Новое о декабристах. Прощенные, оправданные и необнаруженные следствием участники тайных обществ и военных выступлений 1825–1826 гг. — страница 96 из 139

Иван Цявловский, который был предан военному суду за участие в выступлении полка, по конфирмации лишен дворянского достоинства и разжалован в рядовые «до выслуги»[966]. Будучи юнкером, дворянин Цявловский участвовал в походе мятежного Черниговского полка и на этом основании должен считаться участником декабристского выступления. Сведения о Цявловском впервые введены в научный оборот Ю. Г. Оксманом, опубликовавшим материалы военного суда в Белой Церкви[967].

Разжалованные из офицеров и лишенные дворянского достоинства еще до событий 1825 г. рядовые Черниговского пехотного полка Дмитрий Грохольский и Игнатий Кузьмич Ракуза хорошо известны как участники выступления Черниговского полка. Однако, как правило, их не относят к числу декабристов на основании принадлежности обоих к рядовым. Мы считаем, что можно выдвинуть ряд возражений против такого подхода. Прежде всего, оба разжалованных офицера по своему происхождению дворяне, следовательно их участие в событиях отмечено значительно большей долей «сознательности» в сравнении с другими нижними чинами. Но есть более существенные соображения, которые, на наш взгляд, позволяют уверенно отнести их к декабристам.

1) Оба разжалованных были осведомлены о существовании тайного общества. Члены декабристского союза не скрывали от них своих планов, касающихся военных выступлений. На них надеялись в связи с планируемым выступлением, учитывая стремление разжалованных вернуть себе утерянные из-за дисциплинарных проступков офицерское звание и дворянское достоинство.

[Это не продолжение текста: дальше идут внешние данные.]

(* In the setting described in the context, let $x\in\mathbb S^1_{\mathbb C}=\{x\in\mathbb C^2:\|x\|=1\}$ and $z=\pi(x)$. Then $$\log\|T^{\epsilon,\delta}_\sigma x\|=2\epsilon\frac{\mathrm{Re}(\beta_\sigma z)}{1+|z|^2}+\epsilon^2|\beta_\sigma|^2\frac{1+|z|^4}{(1+|z|^2)^2}+\delta\,q_{3,\sigma}\frac{1-|z|^2}{1+|z|^2}+2\epsilon^2\Big[\frac{\mathrm{Re}([\beta'_\sigma+\imath p_{3,\sigma}\beta_\sigma]z)}{1+|z|^2}-\frac{\mathrm{Re}(\beta_\sigma^2z^2)}{(1+|z|^2)^2}\Big]+\mathcal O(\epsilon^3,\epsilon\delta,\delta^2).$$
   Context: Notation: $J=\mathrm{diag}(1,-1)$; $\mathrm{SU}(1,1)=\{T:T^*JT=J,\det T=1\}$; $\mathrm{SU}_\le(1,1)=\{T:T^*JT\le J,\det T=1\}$; $\mathfrak{su}(1,1)=\{A:A^*J=-JA,\mathrm{Tr}A=0\}$ with basis $B_1=\begin{pmatrix}0&1\\1&0\end{pmatrix}$, $B_2=\begin{pmatrix}0&\imath\\-\imath&0\end{pmatrix}$, $B_3=\begin{pmatrix}\imath&0\\0&-\imath\end{pmatrix}$; $R_\eta=\mathrm{diag}(e^{\imath\eta},e^{-\imath\eta})$. The stereographic projection $\pi:\mathbb S^1_{\mathbb C}\to\overline{\mathbb C}$ is $\pi\binom ab=ab^{-1}$ if $b\ne0$ and $\infty$ if $b=0$. Setting: $(\Sigma,\mathbb P)$ a probability space; for real $(\epsilon,\delta)$ near $(0,0)$ a random family $T^{\epsilon,\delta}_\sigma\in\mathrm{SL}(2,\mathbb C)$ with: (i) $C^2$ in $(\epsilon,\delta)$; (ii) $T^{0,0}_\sigma=R_{\eta_\sigma}$; (iii) $T^{\epsilon,0}_\sigma\in\mathrm{SU}(1,1)$; (iv) $T^{0,\imath\delta}_\sigma\in\mathrm{SU}(1,1)$; (v) $T^{\epsilon,\delta}_\sigma\in\mathrm{SU}_\le(1,1)$ for $\delta\ge0$; $T^{\epsilon,\delta}_\sigma=R_{\eta_\sigma}\exp[\epsilon P_\sigma+\epsilon^2P'_\sigma+\imath\delta Q_\sigma+\mathcal O(\epsilon^3,\epsilon\delta,\delta^2)]$ with $P_\sigma,P'_\sigma,Q_\sigma\in\mathfrak{su}(1,1)$ (vi) uniformly bounded and (vii) the error term bounded by $C(\epsilon^3+\epsilon\delta+\delta^2)$ uniformly; (viii) for $(\epsilon,\delta)\ne(0,0)$ no finite $F\subset\overline{\mathbb C}$ with $\mathrm{supp}(T^{\epsilon,\delta}_\sigma)\cdot F\subset F$; (ix) the generated semigroup is not relatively compact. Write $P_\sigma=\sum_jp_{j,\sigma}B_j$, $P'_\sigma=\sum_jp'_{j,\sigma}B_j$, $Q_\sigma=\sum_jq_{j,\sigma}B_j$ with real coefficients, $\beta_\sigma=p_{1,\sigma}-\imath p_{2,\sigma}$, $\beta'_\sigma=p'_{1,\sigma}-\imath p'_{2,\sigma}$. $\mathcal O(\cdot)$: bounded by a uniform constant times the sum of listed quantities. *)

theory Defs
  imports "HOL-Analysis.Analysis" "HOL-Probability.Probability"
begin

type_synonym cmat = "complex^2^2"
type_synonym cvec = "complex^2"

definition mk2 :: "complex \<Rightarrow> complex \<Rightarrow> complex \<Rightarrow> complex \<Rightarrow> cmat" where
  "mk2 a b c d = vector [vector [a, b], vector [c, d]]"

definition cscale :: "complex \<Rightarrow> cmat \<Rightarrow> cmat" where
  "cscale c A = (\<chi> i j. c * A $ i $ j)"

definition Jm :: cmat where "Jm = mk2 1 0 0 (-1)"

definition madj :: "cmat \<Rightarrow> cmat" where
  "madj A = (\<chi> i j. cnj (A $ j $ i))"

definition hform :: "cmat \<Rightarrow> cvec \<Rightarrow> complex" where
  "hform M v = (\<Sum>i\<in>UNIV. cnj (v $ i) * (M *v v) $ i)"

definition mle :: "cmat \<Rightarrow> cmat \<Rightarrow> bool" where
  "mle A B \<longleftrightarrow> madj (B - A) = B - A \<and> (\<forall>v. 0 \<le> Re (hform (B - A) v))"

definition SU11 :: "cmat set" where
  "SU11 = {T. madj T ** Jm ** T = Jm \<and> det T = 1}"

Так, И. К. Ракуза узнал о тайном обществе и планах военного мятежа еще в Лещинском лагере (август-сентябрь 1825 г.). В это время он жил вместе, «в одном балагане», с А. Ф. Фурманом, А. Д. Кузьминым и А. Е. Мозалевским[968]. В дальнейшем он получил представление о планах заговорщиков, направленных против правительства и государя, и о цели, к которой стремилось тайное общество: введении конституции и отмене крепостной зависимости, а также о намерении начать «возмущение», отложенном до смерти Александра I (по собственным показаниям, слышал об этом в декабре 1825 г.) и, наконец, о заговоре против корпусного командира Л. О. Рота. Он знал также и о том, что членам общества поручалось привлекать на свою сторону солдат, был извещен о принадлежности к «многочисленному» обществу ряда офицеров Черниговского полка, тесно общался с А. Д. Кузьминым, А. Ф… Фурманом, А. И. Шахиревым, А. Е. Мозалевским[969].

Д. Грохольский располагал еще большими контактами. Он постоянно был связан не только с офицерами Черниговского полка (А. Д. Кузьминым, В. Н. Петиным, М. А Щепилло, В. Н. Соловьевым, И. И. Сухиновым, А. И. Шахиревым, А. Ф. Фурманом, разжалованным Ф. М. Башмаковым), но знал также В. К. Тизенгаузена, А. Ф. Вадковского, И. И. Горбачевского и А. К Берстеля. Грохольского хорошо знали С. Муравьев-Апостол и Бестужев-Рюмин: когда в 1821 г. после «Семеновской истории» их перевели в Полтавский пехотный полк, как раз шло следствие по делу офицера этого полка Грохольского. Оба руководителя Васильковской управы, вместе с другими членами тайного общества, в особенности Кузьминым и Сухиновым, не раз уговаривали Грохольского следовать намерениям тайного общества, и он дал на это свое согласие[970]. Грохольский знал о существовании тайного общества, целью которого являлось установление временного правления, конституции и законов, ограничивающих крепостное право[971]. Такой объем информации сообщался человеку, формально принятому в тайное общество.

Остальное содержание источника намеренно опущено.